▶ **Your instructions**: Please copy, character for character, each line from the beginning of the listing to the line containing "UNIV (\<lambda>(x, m).", including both.

┄┄┄┄┄┄┄┄┄┄

section \<open>The net p_lambda\<close>

lemma continuous_on_act_minus:
  fixes act :: "'g::topological_group_add \<Rightarrow> 'm::topological_space \<Rightarrow> 'm"
  assumes "continuous_action act"
  shows "continuous_on UNIV (\<lambda>p. act (- fst p) (snd p))"
proof -
  have "continuous_on UNIV (\<lambda>(x, m). act x m)" using assms unfolding continuous_action_def by blast
  then have "continuous_on UNIV (\<lambda>p. act (fst p) (snd p))" by (simp add: case_prod_beta')
  moreover have "continuous_on UNIV (\<lambda>p::'g \<times> 'm. (- fst p, snd p))" by (intro continuous_intros)
  ultimately show ?thesis using continuous_on_compose2 by fastforce
qed

lemma continuous_on_comp_act_minus:
  assumes "continuous_action act" "continuous_on UNIV u"
  shows "continuous_on UNIV (\<lambda>x. u (act (- x) m))"
proof -
  have "continuous_on UNIV (\<lambda>x. (x, m))" by (intro continuous_intros)
  from continuous_on_compose2[OF continuous_on_act_minus[OF assms(1)] this]
  have "continuous_on UNIV (\<lambda>x. act (- x) m)" by simp
  from continuous_on_compose2[OF assms(2) this] show ?thesis by simp
qed

lemma act_add_minus:
  assumes "continuous_action act"
  shows "act (- (y + x)) m = act (- x) (act (- y) m)"
proof -
  have "act (- x + - y) m = act (- x) (act (- y) m)" using assms unfolding continuous_action_def by blast
  then show ?thesis by (simp only: minus_add)
qed

lemma left_haar_measure_sets: "left_haar_measure \<mu> \<Longrightarrow> sets \<mu> = sets borel"
  unfolding left_haar_measure_def by (elim conjE)

lemma left_haar_measure_compact_finite: "left_haar_measure \<mu> \<Longrightarrow> compact K \<Longrightarrow> emeasure \<mu> K < \<infinity>"
  unfolding left_haar_measure_def by (elim conjE) (erule allE, erule mp)

lemma emeasure_left_haar_measure_translate:
  "left_haar_measure \<mu> \<Longrightarrow> E \<in> sets borel \<Longrightarrow> emeasure \<mu> ((\<lambda>y. x + y) ` E) = emeasure \<mu> E"
  unfolding left_haar_measure_def by (elim conjE) (erule ballE, erule allE, assumption, simp)

lemma distr_left_haar_measure_translate:
  fixes \<mu> :: "'g::{topological_group_add,t2_space} measure"
  assumes haar: "left_haar_measure \<mu>"
  shows "distr \<mu> \<mu> (\<lambda>x. y + x) = \<mu>" "(\<lambda>x. y + x) \<in> measurable \<mu> \<mu>"
proof -
  have sets: "sets \<mu> = sets borel" by (rule left_haar_measure_sets[OF haar])
  show meas: "(\<lambda>x. y + x) \<in> measurable \<mu> \<mu>"
    unfolding measurable_cong_sets[OF sets sets]
    by (intro borel_measurable_continuous_onI continuous_intros)
  show "distr \<mu> \<mu> (\<lambda>x. y + x) = \<mu>"
  proof (rule measure_eqI)
    fix A assume "A \<in> sets (distr \<mu> \<mu> (\<lambda>x. y + x))"
    then have A: "A \<in> sets borel" using sets by simp
    have "(\<lambda>x. y + x) -` A \<inter> space \<mu> = (\<lambda>w. - y + w) ` A"
      using sets_eq_imp_space_eq[OF sets]
      by (auto simp: image_iff add.assoc[symmetric] intro!: bexI[of _ "y + x" for x])
    then show "emeasure (distr \<mu> \<mu> (\<lambda>x. y + x)) A = emeasure \<mu> A"
      using emeasure_left_haar_measure_translate[OF haar A] by (simp add: emeasure_distr[OF meas] A sets)
  qed simp
qed

lemma integral_left_haar_measure_translate:
  fixes \<mu> :: "'g::{topological_group_add,t2_space} measure" and F :: "'g \<Rightarrow> 'b::{banach,second_countable_topology}"
  assumes haar: "left_haar_measure \<mu>" and meas: "F \<in> borel_measurable borel"
  shows "(LINT x|\<mu>. F (y + x)) = (LINT x|\<mu>. F x)"
proof -
  have "F \<in> borel_measurable \<mu>"
    using meas measurable_cong_sets[OF left_haar_measure_sets[OF haar] refl] by blast
  then have "(LINT x|\<mu>. F (y + x)) = (LINT x|distr \<mu> \<mu> (\<lambda>x. y + x). F x)"
    by (rule integral_distr[OF distr_left_haar_measure_translate(2)[OF haar], symmetric])
  then show ?thesis using distr_left_haar_measure_translate(1)[OF haar] by simp
qed

lemma integrable_Bset_mult:
  fixes \<mu> :: "'g::{topological_group_add,t2_space} measure" and F :: "'g \<Rightarrow> complex"
  assumes haar: "left_haar_measure \<mu>" and l: "l \<in> Bset"
    and F: "continuous_on UNIV F" "\<And>x. norm (F x) \<le> B"
  shows "integrable \<mu> (\<lambda>x. complex_of_real (l x) * F x)"
proof -
  obtain K where K: "compact K" "\<forall>x. x \<notin> K \<longrightarrow> l x = 0" and meas: "l \<in> borel_measurable borel"
    and bounds: "\<forall>x. 0 \<le> l x \<and> l x \<le> 1"
    using l unfolding Bset_def by blast
  have sets: "sets \<mu> = sets borel" by (rule left_haar_measure_sets[OF haar])
  have "K \<in> sets \<mu>" using sets K(1) by (simp add: borel_closed compact_imp_closed)
  then have int: "integrable \<mu> (\<lambda>x. B * indicator K x)"
    using integrable_real_indicator left_haar_measure_compact_finite[OF haar K(1)] by simp
  have meas': "(\<lambda>x. complex_of_real (l x) * F x) \<in> borel_measurable \<mu>"
    unfolding measurable_cong_sets[OF sets refl]
    using meas borel_measurable_continuous_onI[OF F(1)] by measurable
  have "norm (complex_of_real (l x) * F x) \<le> B * indicator K x" for x
    using K(2) bounds F(2)[of x]
    by (cases "x \<in> K") (auto simp: norm_mult intro: mult_le_one order_trans[OF mult_left_le_one_le])
  then show ?thesis
    by (intro Bochner_Integration.integrable_bound[OF int meas']) (auto intro: order_trans[OF _ abs_ge_self])
qed

lemma integrable_p_lam_integrand:
  fixes \<mu> :: "'g::{topological_group_add,t2_space} measure" and u :: "'m::topological_space \<Rightarrow> complex"
  assumes "left_haar_measure \<mu>" "continuous_action act" "l \<in> Bset" "u \<in> Cb"
  shows "integrable \<mu> (\<lambda>x. complex_of_real (l x) * u (act (- x) m))"
proof -
  obtain B where "\<And>m. norm (u m) \<le> B" using Cb_bound[OF assms(4)] by blast
  moreover have "continuous_on UNIV u" using assms(4) unfolding Cb_def by blast
  ultimately show ?thesis
    by (intro integrable_Bset_mult[OF assms(1,3) continuous_on_comp_act_minus[OF assms(2)]])
qed

lemma p_lam_linear_combination:
  fixes \<mu> :: "'g::{topological_group_add,t2_space} measure" and u v :: "'m::topological_space \<Rightarrow> complex"
  assumes "left_haar_measure \<mu>" "continuous_action act" "l \<in> Bset" "u \<in> Cb" "v \<in> Cb"
  shows "p_lam \<mu> act l (\<lambda>m. c * u m + v m) m = c * p_lam \<mu> act l u m + p_lam \<mu> act l v m"
proof -
  have "(\<lambda>x. complex_of_real (l x) * (c * u (act (- x) m) + v (act (- x) m)))
      = (\<lambda>x. c * (complex_of_real (l x) * u (act (- x) m)) + complex_of_real (l x) * v (act (- x) m))"
    by (auto simp: algebra_simps)
  then show ?thesis unfolding p_lam_def alpha_def
    using integrable_p_lam_integrand[OF assms(1-3)] assms(4,5) by simp
qed

lemma p_lam_of_real:
  "p_lam \<mu> act l (\<lambda>m. complex_of_real (U m)) m = complex_of_real (LINT x|\<mu>. l x * U (act (- x) m))"
  unfolding p_lam_def alpha_def by (simp only: of_real_mult[symmetric] integral_complex_of_real)

lemma integrable_p_lam_integrand_real:
  fixes \<mu> :: "'g::{topological_group_add,t2_space} measure" and U :: "'m::topological_space \<Rightarrow> real"
  assumes "left_haar_measure \<mu>" "continuous_action act" "l \<in> Bset" "(\<lambda>m. complex_of_real (U m)) \<in> Cb"
  shows "integrable \<mu> (\<lambda>x. l x * U (act (- x) m))"
  using integrable_p_lam_integrand[OF assms, of m] complex_of_real_integrable_eq by fastforce

lemma mono_on_Bset_integral:
  fixes \<mu> :: "'g::{topological_group_add,t2_space} measure" and U :: "'m::topological_space \<Rightarrow> real"
  assumes "left_haar_measure \<mu>" "continuous_action act" "(\<lambda>m. complex_of_real (U m)) \<in> Cb"
    and "\<And>m. 0 \<le> U m"
  shows "mono_on Bset (\<lambda>l. LINT x|\<mu>. l x * U (act (- x) m))"
  using integrable_p_lam_integrand_real[OF assms(1,2) _ assms(3)] assms(4)
  by (intro mono_onI integral_mono) (auto simp: le_fun_def intro: mult_right_mono)

lemma continuous_on_p_lam:
  fixes \<mu> :: "'g::{topological_group_add,t2_space} measure" and u :: "'m::t2_space \<Rightarrow> complex"
  assumes haar: "left_haar_measure \<mu>" and act: "continuous_action act" and l: "l \<in> Bset"
    and u: "u \<in> Cb"
  shows "continuous_on UNIV (p_lam \<mu> act l u)"
proof -
  obtain K where K: "compact K" "\<forall>x. x \<notin> K \<longrightarrow> l x = 0" and bounds: "\<forall>x. 0 \<le> l x \<and> l x \<le> 1"
    using l unfolding Bset_def by blast
  have K_sets: "K \<in> sets \<mu>"
    using left_haar_measure_sets[OF haar] K(1) by (simp add: borel_closed compact_imp_closed)
  have K_finite: "emeasure \<mu> K < \<infinity>" by (rule left_haar_measure_compact_finite[OF haar K(1)])
  have cont: "continuous_on UNIV (\<lambda>p::'g \<times> 'm. u (act (- fst p) (snd p)))"
    using continuous_on_compose2[OF _ continuous_on_act_minus[OF act]] u unfolding Cb_def by fastforce
  have "isCont (p_lam \<mu> act l u) m0" for m0
    unfolding isCont_def tendsto_iff eventually_at_topological
  proof (intro allI impI)
    fix e :: real assume "0 < e"
    define d where "d = e / (measure \<mu> K + 1)"
    have "0 < measure \<mu> K + 1" by (simp add: add_nonneg_pos)
    then have d: "0 < d" "d * measure \<mu> K < e"
      unfolding d_def using \<open>0 < e\<close> by (simp_all add: field_simps)
    txt \<open>By the tube lemma, the integrands at \<open>m\<close> and \<open>m0\<close> are uniformly \<open>d\<close>-close on \<open>K\<close>
      for \<open>m\<close> in a neighbourhood of \<open>m0\<close>.\<close>
    define W where "W = {p::'m \<times> 'g. dist (u (act (- snd p) (fst p))) (u (act (- snd p) m0)) < d}"
    have "continuous_on UNIV (\<lambda>p::'m \<times> 'g. (snd p, fst p))" "continuous_on UNIV (\<lambda>p::'m \<times> 'g. (snd p, m0))"
      by (intro continuous_intros)+
    from this[THEN continuous_on_compose2[OF cont]] have "open W" unfolding W_def
      by (intro open_Collect_less continuous_on_dist continuous_on_const) auto
    moreover have "{m0} \<times> K \<subseteq> W" unfolding W_def using d by auto
    ultimately obtain X where X: "m0 \<in> X" "open X" "X \<times> K \<subseteq> W"
      using Elementary_Topology.tube_lemma[OF K(1)] by metis
    have "dist (p_lam \<mu> act l u m) (p_lam \<mu> act l u m0) < e" if "m \<in> X" for m
    proof -
      have bound: "norm (complex_of_real (l x) * u (act (- x) m) - complex_of_real (l x) * u (act (- x) m0))
          \<le> d * indicator K x" for x
      proof (cases "x \<in> K")
        case True
        then have "norm (u (act (- x) m) - u (act (- x) m0)) < d"
          using X(3) \<open>m \<in> X\<close> unfolding W_def by (auto simp: dist_norm)
        then show ?thesis using True bounds
          by (simp add: right_diff_distrib[symmetric] norm_mult mult_le_one order_trans[OF mult_left_le_one_le])
      qed (use K(2) in simp)
      have "dist (p_lam \<mu> act l u m) (p_lam \<mu> act l u m0)
          = norm (LINT x|\<mu>. complex_of_real (l x) * u (act (- x) m) - complex_of_real (l x) * u (act (- x) m0))"
        unfolding p_lam_def alpha_def dist_norm
        using integrable_p_lam_integrand[OF haar act l u] by simp
      also have "\<dots> \<le> (LINT x|\<mu>. norm (complex_of_real (l x) * u (act (- x) m)
          - complex_of_real (l x) * u (act (- x) m0)))"
        by (rule integral_norm_bound)
      also have "\<dots> \<le> (LINT x|\<mu>. d * indicator K x)"
        using integrable_p_lam_integrand[OF haar act l u] integrable_real_indicator[OF K_sets K_finite] bound
        by (intro integral_mono) auto
      also have "\<dots> = d * measure \<mu> K" using K_sets K_finite by simp
      finally show ?thesis using d by linarith
    qed
    then show "\<exists>S. open S \<and> m0 \<in> S \<and> (\<forall>m\<in>S. m \<noteq> m0 \<longrightarrow> m \<in> UNIV \<longrightarrow>
        dist (p_lam \<mu> act l u m) (p_lam \<mu> act l u m0) < e)"
      using X by blast
  qed
  then show ?thesis by (simp add: continuous_at_imp_continuous_on)
qed

lemma p_lam_act:
  fixes \<mu> :: "'g::{topological_group_add,t2_space} measure" and act :: "'g \<Rightarrow> 'm::topological_space \<Rightarrow> 'm"
  assumes haar: "left_haar_measure \<mu>" and act: "continuous_action act" and l: "l \<in> Bset"
    and u: "continuous_on UNIV u"
  shows "p_lam \<mu> act l u (act (- y) m) = p_lam \<mu> act (\<lambda>z. l (- y + z)) u m"
proof -
  define F where "F = (\<lambda>z. complex_of_real (l (- y + z)) * u (act (- z) m))"
  have "(\<lambda>z. l (- y + z)) \<in> borel_measurable borel" using Bset_translate[OF l] unfolding Bset_def by blast
  then have "F \<in> borel_measurable borel"
    unfolding F_def using borel_measurable_continuous_onI[OF continuous_on_comp_act_minus[OF act u]]
    by measurable
  moreover have "F (y + x) = complex_of_real (l x) * u (act (- x) (act (- y) m))" for x
    by (simp add: F_def act_add_minus[OF act] add.assoc[symmetric])
  ultimately have "(LINT x|\<mu>. complex_of_real (l x) * u (act (- x) (act (- y) m))) = (LINT x|\<mu>. F x)"
    using integral_left_haar_measure_translate[OF haar, of F y] by simp
  then show ?thesis unfolding p_lam_def alpha_def F_def .
qed
section \<open>From summability to the adjoint equation\<close>

lemma poly_coeffs_eq_0_below_hol_order:
  fixes F :: "nat \<Rightarrow> 'a::comm_ring_1"
  assumes "hol_order F = J"
    and "\<forall>\<^sub>F n in sequentially. (\<Sum>i<J. poly (c i) (of_nat n) * F (n + i)) = 0"
  shows "\<forall>i<J. c i = 0"
proof (rule ccontr)
  assume "\<not> (\<forall>i<J. c i = 0)"
  then have nonempty: "{i. i < J \<and> c i \<noteq> 0} \<noteq> {}" by auto
  define m where "m = Max {i. i < J \<and> c i \<noteq> 0}"
  have m: "m < J" "c m \<noteq> 0"
    using Max_in[OF _ nonempty] by (auto simp: m_def)
  have above: "c i = 0" if "m < i" "i < J" for i
    using Max_ge[of "{i. i < J \<and> c i \<noteq> 0}" i] that by (fastforce simp: m_def)
  have "apply_op m c F n = (\<Sum>i<J. poly (c i) (of_nat n) * F (n + i))" for n
    unfolding apply_op_def by (rule sum.mono_neutral_left) (use m above in auto)
  with assms(2) have "annihilates m c F"
    by (simp add: annihilates_def)
  with m(2) have "hol_order F \<le> m"
    unfolding hol_order_def has_ann_of_order_def by (blast intro: Least_le)
  with assms(1) m(1) show False by simp
qed

lemma eventually_rational_coeffs_eq_0_below_hol_order:
  fixes F :: "nat \<Rightarrow> 'a::field_char_0"
  assumes "hol_order F = J" and "\<And>i. i < J \<Longrightarrow> rational_seq (c i)"
    and "\<forall>\<^sub>F n in sequentially. (\<Sum>i<J. c i n * F (n + i)) = 0"
  shows "\<forall>\<^sub>F n in sequentially. \<forall>i<J. c i n = 0"
proof -
  obtain Q P where "Q \<noteq> 0"
    and QP: "\<forall>\<^sub>F n in sequentially. \<forall>i\<in>{..<J}. poly Q (of_nat n) * c i n = poly (P i) (of_nat n)"
    using rational_seq_common_denominator[of "{..<J}" c] assms(2) by auto
  have "\<forall>\<^sub>F n in sequentially. (\<Sum>i<J. poly (P i) (of_nat n) * F (n + i)) = 0"
    using QP assms(3)
  proof eventually_elim
    case (elim n)
    have "(\<Sum>i<J. poly (P i) (of_nat n) * F (n + i)) = (\<Sum>i<J. poly Q (of_nat n) * c i n * F (n + i))"
      using elim(1) by (intro sum.cong) auto
    also have "\<dots> = poly Q (of_nat n) * (\<Sum>i<J. c i n * F (n + i))"
      by (simp add: sum_distrib_left mult.assoc)
    finally show ?case
      using elim(2) by simp
  qed
  then have P0: "\<forall>i<J. P i = 0"
    using assms(1) by (rule poly_coeffs_eq_0_below_hol_order[rotated])
  from QP eventually_poly_of_nat_nonzero[OF \<open>Q \<noteq> 0\<close>] show ?thesis
    by eventually_elim (use P0 in auto)
qed

lemma hol_order_poly_mult_le:
  fixes F :: "nat \<Rightarrow> 'a::idom"
  assumes "annihilates J a F" and "a J \<noteq> 0" and "p \<noteq> 0"
  shows "hol_order (\<lambda>n. poly p (of_nat n) * F n) \<le> J"
proof -
  define b where "b i = a i * (\<Prod>j\<in>{..J}-{i}. shift_poly p (of_nat j))" for i
  have "apply_op J b (\<lambda>n. poly p (of_nat n) * F n) n = (\<Prod>j\<le>J. poly p (of_nat (n + j))) * apply_op J a F n" for n
    unfolding apply_op_def sum_distrib_left
  proof (rule sum.cong[OF refl])
    fix i assume "i \<in> {..J}"
    then have "(\<Prod>j\<le>J. poly p (of_nat (n + j)))
        = poly p (of_nat (n + i)) * (\<Prod>j\<in>{..J}-{i}. poly p (of_nat (n + j)))"
      by (subst prod.remove[of _ i]) auto
    then show "poly (b i) (of_nat n) * (poly p (of_nat (n + i)) * F (n + i))
        = (\<Prod>j\<le>J. poly p (of_nat (n + j))) * (poly (a i) (of_nat n) * F (n + i))"
      by (simp add: b_def poly_prod add.commute mult_ac)
  qed
  with assms(1) have "annihilates J b (\<lambda>n. poly p (of_nat n) * F n)"
    unfolding annihilates_def by (auto elim: eventually_mono)
  moreover have "b J \<noteq> 0"
    using assms(2,3) by (simp add: b_def)
  ultimately show ?thesis
    unfolding hol_order_def has_ann_of_order_def by (blast intro: Least_le)
qed
lemma eventually_card_copies_in_shadow_le:
  fixes VF :: "'a set" and VH :: "'b set" and c :: real
  assumes "graph VF EF" and "graph VH EH" and "subgraph_of_blowup VF EF VH EH" and "0 < c"
  shows "\<forall>\<^sub>F n in sequentially. \<forall>HH. uniform_hypergraph r n HH \<and> berge_free {0..<n} HH VF EF \<longrightarrow>
           real (card (copies {0..<n} (shadow HH) VH EH)) \<le> c * real n ^ card VH"
proof -
  obtain \<pi> where blowup: "\<pi> ` VF \<subseteq> VH" "\<And>e. e \<in> EF \<Longrightarrow> \<exists>x y. e = {x, y} \<and> {\<pi> x, \<pi> y} \<in> EH"
    using subgraph_of_blowupE[OF assms(3)] by blast
  define T where "T = card VF ^ 2 + card EF ^ 2 * r + 1"
  have "finite VH" using assms(2) by (simp add: graph_def)
  moreover have "0 < T" by (simp add: T_def)
  ultimately have "\<forall>\<^sub>F n in sequentially. \<forall>E \<subseteq> PiE VH (\<lambda>_. {..<n}).
      c * real n ^ card VH \<le> real (card E) \<longrightarrow>
      (\<exists>A. (\<forall>v\<in>VH. A v \<subseteq> {..<n} \<and> card (A v) = T) \<and> PiE VH A \<subseteq> E)"
    using \<open>0 < c\<close> by (rule eventually_dense_set_contains_box)
  then show ?thesis
  proof eventually_elim
    case (elim n)
    show ?case
    proof (intro allI impI, elim conjE)
      fix HH assume HH: "uniform_hypergraph r n HH" and free: "berge_free {0..<n} HH VF EF"
      define hom where "hom = {\<psi> \<in> PiE VH (\<lambda>_. {..<n}). \<forall>e\<in>EH. \<psi> ` e \<in> shadow HH}"
      have "real (card hom) \<le> c * real n ^ card VH"
      proof (rule ccontr)
        assume "\<not> ?thesis"
        then obtain A where A: "\<forall>v\<in>VH. A v \<subseteq> {..<n} \<and> card (A v) = T" and "PiE VH A \<subseteq> hom"
          using elim[rule_format, of hom] by (force simp: hom_def T_def)
        then have "contains_berge {0..<n} HH VF EF"
          by (intro contains_berge_if_shadow_contains_blowup[OF assms(1,2) blowup HH, of A T])
            (auto simp: hom_def T_def)
        with free show False by (simp add: berge_free_def)
      qed
      with card_copies_le_card_homomorphisms[OF assms(2), of n "shadow HH"]
      show "real (card (copies {0..<n} (shadow HH) VH EH)) \<le> c * real n ^ card VH"
        unfolding hom_def by linarith
    qed
  qed
qed

lemma ex_hat_le:
  assumes "0 \<le> b"
    and "\<And>HH. uniform_hypergraph r n HH \<Longrightarrow> berge_free {0..<n} HH VF EF
           \<Longrightarrow> real (card (copies {0..<n} (shadow HH) VH EH)) \<le> b"
  shows "real (ex_hat r n VH EH VF EF) \<le> b"
proof -
  let ?S = "insert 0 {card (copies {0..<n} (shadow HH) VH EH) | HH.
              uniform_hypergraph r n HH \<and> berge_free {0..<n} HH VF EF}"
  have bounded: "\<forall>k\<in>?S. real k \<le> b" using assms by auto
  then have "?S \<subseteq> {..nat \<lfloor>b\<rfloor>}" by (auto simp: le_nat_floor)
  then have "finite ?S" by (rule finite_subset) simp
  then have "Max ?S \<in> ?S" by (intro Max_in) auto
  with bounded have "real (Max ?S) \<le> b" by blast
  then show ?thesis unfolding ex_hat_def .
qed

theorem corollary8:
  fixes VF :: "'a set" and EF :: "'a set set" and VH :: "'b set" and EH :: "'b set set"
    and r :: nat
  assumes "graph VF EF" and "graph VH EH"
    and "subgraph_of_blowup VF EF VH EH"
    and "r \<ge> card VF"
  shows "(\<lambda>n. real (ex_hat r n VH EH VF EF)) \<in> o(\<lambda>n. real n ^ card VH)"
proof (rule landau_o.smallI)
  fix c :: real assume "0 < c"
  with assms(1-3) have "\<forall>\<^sub>F n in sequentially. \<forall>HH.
      uniform_hypergraph r n HH \<and> berge_free {0..<n} HH VF EF \<longrightarrow>
      real (card (copies {0..<n} (shadow HH) VH EH)) \<le> c * real n ^ card VH"
    by (rule eventually_card_copies_in_shadow_le)
  then show "\<forall>\<^sub>F n in sequentially. norm (real (ex_hat r n VH EH VF EF)) \<le> c * norm (real n ^ card VH)"
    by eventually_elim (use \<open>0 < c\<close> in \<open>auto intro: ex_hat_le\<close>)
qed

end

┄┄┄┄┄┄┄┄┄┄

▶ **Answer box**:
section \<open>The net p_lambda\<close>

lemma continuous_on_act_minus:
  fixes act :: "'g::topological_group_add \<Rightarrow> 'm::topological_space \<Rightarrow> 'm"
  assumes "continuous_action act"
  shows "continuous_on UNIV (\<lambda>p. act (- fst p) (snd p))"
proof -
  have "continuous_on UNIV (\<lambda>(x, m). act x m)" using assms unfolding continuous_action_def by blast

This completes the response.